Material for this exercise section start

lemma dnorm_le_by_interpolation:
  fixes f :: "'a::euclidean_space \<Rightarrow> real"
  assumes ck: "Ck_on N (cball c (1 / tc)) f" and tc: "tc \<ge> 1" and x: "x \<in> cball c (1 / tc)"
    and i: "i < p" "p \<le> N"
    and a: "a \<ge> 0" "a * tc ^ p \<le> \<Lambda>"
    and low: "\<And>j. i \<le> j \<Longrightarrow> j < p \<Longrightarrow>
      dnorm j (cball c (1 / tc)) f c \<le> a powr ((real p - real j) / real p)"
    and top: "\<And>z. z \<in> cball c (1 / tc) \<Longrightarrow> dnorm p (cball c (1 / tc)) f z \<le> M"
  shows "dnorm i (cball c (1 / tc)) f x \<le> (real (p - i) * (\<Lambda> + 1) + M) / tc ^ (p - i)"
proof (rule dnorm_le)
  let ?S = "cball c (1 / tc)"
  fix hs :: "'a list"
  assume hs: "length hs = i" "\<forall>h\<in>set hs. norm h \<le> 1"
  define n where "n = p - i"
  have tc0: "tc > 0"
    using tc by simp
  then have c: "c \<in> ?S"
    by simp
  have term_le: "a powr ((real p - real (m + i)) / real p) * (1 / tc) ^ m \<le> (\<Lambda> + 1) / tc ^ n"
    if "m < n" for m
  proof -
    have "(real p - real (m + i)) / real p = real (n - m) / real p"
      using that by (simp add: n_def of_nat_diff algebra_simps)
    moreover have "n - m + m = n"
      using that by simp
    ultimately show ?thesis
      using powr_frac_mult_power_le[OF a tc, of "n - m" m] i by (simp add: n_def)
  qed
  have "\<bar>dderiv (cball c (1 / tc)) f hs x\<bar>
      \<le> (\<Sum>m<n. a powr ((real p - real (m + i)) / real p) * (1 / tc) ^ m) + M * (1 / tc) ^ n"
  proof (rule abs_dderiv_le_Taylor_bound[OF ck _ x])
    fix m :: nat and gs :: "'a list"
    assume gs: "m < n" "length gs = m" "\<forall>g\<in>set gs. norm g \<le> 1"
    then have "\<bar>dderiv ?S f (gs @ hs) c\<bar> \<le> dnorm (length (gs @ hs)) ?S f c"
      using hs tc0 i by (intro abs_dderiv_le_dnorm[OF ck _ c]) (auto simp: n_def)
    also have "\<dots> \<le> a powr ((real p - real (m + i)) / real p)"
      using low[of "m + i"] gs hs by (simp add: n_def add.commute)
    finally show "\<bar>dderiv ?S f (gs @ hs) c\<bar> \<le> a powr ((real p - real (m + i)) / real p)" .
  next
    fix z and gs :: "'a list"
    assume gs: "z \<in> ?S" "length gs = n" "\<forall>g\<in>set gs. norm g \<le> 1"
    then have "\<bar>dderiv ?S f (gs @ hs) z\<bar> \<le> dnorm (length (gs @ hs)) ?S f z"
      using hs tc0 i by (intro abs_dderiv_le_dnorm[OF ck]) (auto simp: n_def)
    also have "\<dots> \<le> M"
      using top[OF gs(1)] gs hs i by (simp add: n_def)
    finally show "\<bar>dderiv ?S f (gs @ hs) z\<bar> \<le> M" .
  qed (use tc0 i hs n_def in auto)
  also have "\<dots> \<le> (\<Sum>m<n. (\<Lambda> + 1) / tc ^ n) + M / tc ^ n"
    by (intro add_mono sum_mono term_le) (auto simp: power_one_over)
  also have "\<dots> = (real n * (\<Lambda> + 1) + M) / tc ^ n"
    using tc0 by (simp add: field_simps)
  finally show "\<bar>dderiv (cball c (1 / tc)) f hs x\<bar> \<le> (real (p - i) * (\<Lambda> + 1) + M) / tc ^ (p - i)"
    unfolding n_def .
qed

lemma scaled_gap_le_lyap: "t ^ p * (f x - f xstar) \<le> lyap p f xstar v x t"
  unfolding lyap_def by simp

lemma interpolation_constant_le:
  fixes L M E :: real
  assumes i: "1 \<le> i" "i \<le> p" and "L \<ge> 0" "M \<ge> 0" "E \<ge> 0"
  shows "real (p - i) * (L * E + 1) + M \<le> real p * (M + L + 1) * (E + 1)"
proof -
  have "real (p - i) * (L * E + 1) \<le> (real p - 1) * ((M + L + 1) * (E + 1))"
    using assms by (intro mult_mono) (auto simp: of_nat_diff algebra_simps)
  moreover have "M \<le> (M + L + 1) * (E + 1)"
    using assms by (simp add: algebra_simps)
  ultimately show ?thesis
    by (simp add: algebra_simps)
qed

Material for this exercise section end

## Task objective
Line by line, copy the data above exactly as it reads.

## Output for this exercise
lemma dnorm_le_by_interpolation:
  fixes f :: "'a::euclidean_space \<Rightarrow> real"
  assumes ck: "Ck_on N (cball c (1 / tc)) f" and tc: "tc \<ge> 1" and x: "x \<in> cball c (1 / tc)"
    and i: "i < p" "p \<le> N"
    and a: "a \<ge> 0" "a * tc ^ p \<le> \<Lambda>"
    and low: "\<And>j. i \<le> j \<Longrightarrow> j < p \<Longrightarrow>
      dnorm j (cball c (1 / tc)) f c \<le> a powr ((real p - real j) / real p)"
    and top: "\<And>z. z \<in> cball c (1 / tc) \<Longrightarrow> dnorm p (cball c (1 / tc)) f z \<le> M"
  shows "dnorm i (cball c (1 / tc)) f x \<le> (real (p - i) * (\<Lambda> + 1) + M) / tc ^ (p - i)"
proof (rule dnorm_le)
  let ?S = "cball c (1 / tc)"
  fix hs :: "'a list"
  assume hs: "length hs = i" "\<forall>h\<in>set hs. norm h \<le> 1"
  define n where "n = p - i"
  have tc0: "tc > 0"
    using tc by simp
  then have c: "c \<in> ?S"
    by simp
  have term_le: "a powr ((real p - real (m + i)) / real p) * (1 / tc) ^ m \<le> (\<Lambda> + 1) / tc ^ n"
    if "m < n" for m
  proof -
    have "(real p - real (m + i)) / real p = real (n - m) / real p"
      using that by (simp add: n_def of_nat_diff algebra_simps)
    moreover have "n - m + m = n"
      using that by simp
    ultimately show ?thesis
      using powr_frac_mult_power_le[OF a tc, of "n - m" m] i by (simp add: n_def)
  qed
  have "\<bar>dderiv (cball c (1 / tc)) f hs x\<bar>
      \<le> (\<Sum>m<n. a powr ((real p - real (m + i)) / real p) * (1 / tc) ^ m) + M * (1 / tc) ^ n"
  proof (rule abs_dderiv_le_Taylor_bound[OF ck _ x])
    fix m :: nat and gs :: "'a list"
    assume gs: "m < n" "length gs = m" "\<forall>g\<in>set gs. norm g \<le> 1"
    then have "\<bar>dderiv ?S f (gs @ hs) c\<bar> \<le> dnorm (length (gs @ hs)) ?S f c"
      using hs tc0 i by (intro abs_dderiv_le_dnorm[OF ck _ c]) (auto simp: n_def)
    also have "\<dots> \<le> a powr ((real p - real (m + i)) / real p)"
      using low[of "m + i"] gs hs by (simp add: n_def add.commute)
    finally show "\<bar>dderiv ?S f (gs @ hs) c\<bar> \<le> a powr ((real p - real (m + i)) / real p)" .
  next
    fix z and gs :: "'a list"
    assume gs: "z \<in> ?S" "length gs = n" "\<forall>g\<in>set gs. norm g \<le> 1"
    then have "\<bar>dderiv ?S f (gs @ hs) z\<bar> \<le> dnorm (length (gs @ hs)) ?S f z"
      using hs tc0 i by (intro abs_dderiv_le_dnorm[OF ck]) (auto simp: n_def)
    also have "\<dots> \<le> M"
      using top[OF gs(1)] gs hs i by (simp add: n_def)
    finally show "\<bar>dderiv ?S f (gs @ hs) z\<bar> \<le> M" .
  qed (use tc0 i hs n_def in auto)
  also have "\<dots> \<le> (\<Sum>m<n. (\<Lambda> + 1) / tc ^ n) + M / tc ^ n"
    by (intro add_mono sum_mono term_le) (auto simp: power_one_over)
  also have "\<dots> = (real n * (\<Lambda> + 1) + M) / tc ^ n"
    using tc0 by (simp add: field_simps)
  finally show "\<bar>dderiv (cball c (1 / tc)) f hs x\<bar> \<le> (real (p - i) * (\<Lambda> + 1) + M) / tc ^ (p - i)"
    unfolding n_def .
qed

lemma scaled_gap_le_lyap: "t ^ p * (f x - f xstar) \<le> lyap p f xstar v x t"
  unfolding lyap_def by simp

lemma interpolation_constant_le:
  fixes L M E :: real
  assumes i: "1 \<le> i" "i \<le> p" and "L \<ge> 0" "M \<ge> 0" "E \<ge> 0"
  shows "real (p - i) * (L * E + 1) + M \<le> real p * (M + L + 1) * (E + 1)"
proof -
  have "real (p - i) * (L * E + 1) \<le> (real p - 1) * ((M + L + 1) * (E + 1))"
    using assms by (intro mult_mono) (auto simp: of_nat_diff algebra_simps)
  moreover have "M \<le> (M + L + 1) * (E + 1)"
    using assms by (simp add: algebra_simps)
  ultimately show ?thesis
    by (simp add: algebra_simps)
qed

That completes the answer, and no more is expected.